Is not an obsession, is more common sense, you can replace, them with brand new NECs instead of Tantalums, nothing wrong with that, but on the "Top-Side" of the board having original NECs installed isn't a great idea, since they're life span is increased if there is proper cooling, which there isn't, so you'll usually find NECs burn marks on the EMI Sheild near the BD Drive and the PSU, which is a sign of heat degradation that impacts the NECs lifespan, if $ony didn't implement NECs on top, i am sure the recapping wouldn't be necessary, and the machine would have been much more reliable, unfortunately for me is a design flaw, not only from Sony, but also Toshiba, many of they're laptops have the NEC Capacitor just hidden in a tiny spot where no air gets through, plus the older A300 got so hot, that would accelerate the degradation even more, see the pattern, when my A300 started to randomly shutdown, then i started to clean the machine in late 2012, mind you i had it since 2008, but by then it was already too late, the NEC had bitten the dust, and the only way to "revive" the laptop, was to heat it up the bottom shell with a Hair-Dryer, see another pattern here with the PlayStation3?
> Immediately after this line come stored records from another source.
definition Subs_delta :: "'a set \<Rightarrow> ('a \<Rightarrow> 'a \<Rightarrow> 'a) \<Rightarrow> 'a \<Rightarrow> 'a set set" where
  "Subs_delta C f z = {D. rooted_tree C f z \<and> subalg C f z D \<and>
     (\<exists>k. 0 < k \<and> k dvd alg_height C f z \<and> k \<noteq> 1 \<and> k \<noteq> alg_height C f z
          \<and> D = C_k C f z k \<union> maximals C f z)}"

definition Subs_delta_set :: "'a set set \<Rightarrow> ('a \<Rightarrow> 'a \<Rightarrow> 'a) \<Rightarrow> 'a \<Rightarrow> 'a set set" where
  "Subs_delta_set X f z = (\<Union>C\<in>X. Subs_delta C f z)"

definition alg_iso :: "('a \<Rightarrow> 'a \<Rightarrow> 'a) \<Rightarrow> 'a \<Rightarrow> 'a set \<Rightarrow> 'a set \<Rightarrow> bool" where
  "alg_iso f z B D \<longleftrightarrow> (\<exists>\<phi>. bij_betw \<phi> B D \<and> \<phi> z = z
     \<and> (\<forall>x\<in>B. \<forall>y\<in>B. \<phi> (f x y) = f (\<phi> x) (\<phi> y)))"

definition eq_upto_iso :: "('a \<Rightarrow> 'a \<Rightarrow> 'a) \<Rightarrow> 'a \<Rightarrow> 'a set set \<Rightarrow> 'a set set \<Rightarrow> bool" where
  "eq_upto_iso f z X Y \<longleftrightarrow> (\<forall>B\<in>X. \<exists>D\<in>Y. alg_iso f z B D) \<and> (\<forall>D\<in>Y. \<exists>B\<in>X. alg_iso f z D B)"

end

theory Submission
  imports Defs
begin

(* In a finite subdirectly irreducible cBCK-algebra the meet of two nonzero elements is nonzero,
   and this forces every principal downset [0,a] to be a chain: the order is a rooted tree in
   which x - y has height h(x) - h(y) whenever y <= x.
   Let B be a subalgebra with a nonzero element and let m be a nonzero element of B of least
   height g. Meeting with m shows that m lies below every nonzero element of B, and subtracting m
   lowers heights by exactly g. Hence all heights in B are multiples of g and, descending from
   p in B in steps of m, every element below p whose height is a multiple of g lies in B. So B
   is C_g together with the maximal elements of the downset C generated by B: B = C if g = 1,
   B = {0, m} if g is the height of C, and B is in S_delta(C) otherwise. Finally, finite
   cBCK-chains of equal size are isomorphic (heights are additive), so a chain subalgebra is
   isomorphic to a principal downset. *)

locale cbck_algebra =
  fixes A :: "'a set" and f :: "'a \<Rightarrow> 'a \<Rightarrow> 'a" (infixl \<open>\<ominus>\<close> 65) and z :: 'a
  assumes zero_closed: "z \<in> A"
    and sub_closed: "x \<in> A \<Longrightarrow> y \<in> A \<Longrightarrow> x \<ominus> y \<in> A"
    and bck_axiom: "x \<in> A \<Longrightarrow> y \<in> A \<Longrightarrow> w \<in> A \<Longrightarrow> ((x \<ominus> y) \<ominus> (x \<ominus> w)) \<ominus> (w \<ominus> y) = z"
    and sub_zero: "x \<in> A \<Longrightarrow> x \<ominus> z = x"
    and zero_sub: "x \<in> A \<Longrightarrow> z \<ominus> x = z"
    and below_antisym: "x \<in> A \<Longrightarrow> y \<in> A \<Longrightarrow> x \<ominus> y = z \<Longrightarrow> y \<ominus> x = z \<Longrightarrow> x = y"
    and commutative: "x \<in> A \<Longrightarrow> y \<in> A \<Longrightarrow> x \<ominus> (x \<ominus> y) = y \<ominus> (y \<ominus> x)"
begin

abbreviation below :: "'a \<Rightarrow> 'a \<Rightarrow> bool" (infix \<open>\<preceq>\<close> 50)
  where "x \<preceq> y \<equiv> x \<ominus> y = z"

lemma sub_self: "x \<in> A \<Longrightarrow> x \<ominus> x = z"
  using bck_axiom[of x z z] by (simp add: sub_zero zero_sub zero_closed sub_closed)

lemma sub_below: "x \<in> A \<Longrightarrow> y \<in> A \<Longrightarrow> x \<ominus> y \<preceq> x"
  using bck_axiom[of x y z] by (simp add: sub_zero zero_sub zero_closed sub_closed)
Now if you excuse me, imma gonna continue my journey throughout Persona 5 Royal, because $ony/SEGA failed to deliver my Themes, and i need to create some havoc with the support [emoji23]

Sent from my G8141 using Tapatalk

Okay i see where you are coming from. However, if one has modified the PSU to generate less heat, istalled custom fan mods and such all in an effort to reduce the heat in the console compared to how sony had them set, would it not be safer to install direct replacement NECS all over instead of other capacitors?

Interesting about the toshiba laptop issue, seems these capacitors cause the same issue all around. And here we all were blaming the lead free solder!

I'd be more than happy to get new NECs. Where can you get them from?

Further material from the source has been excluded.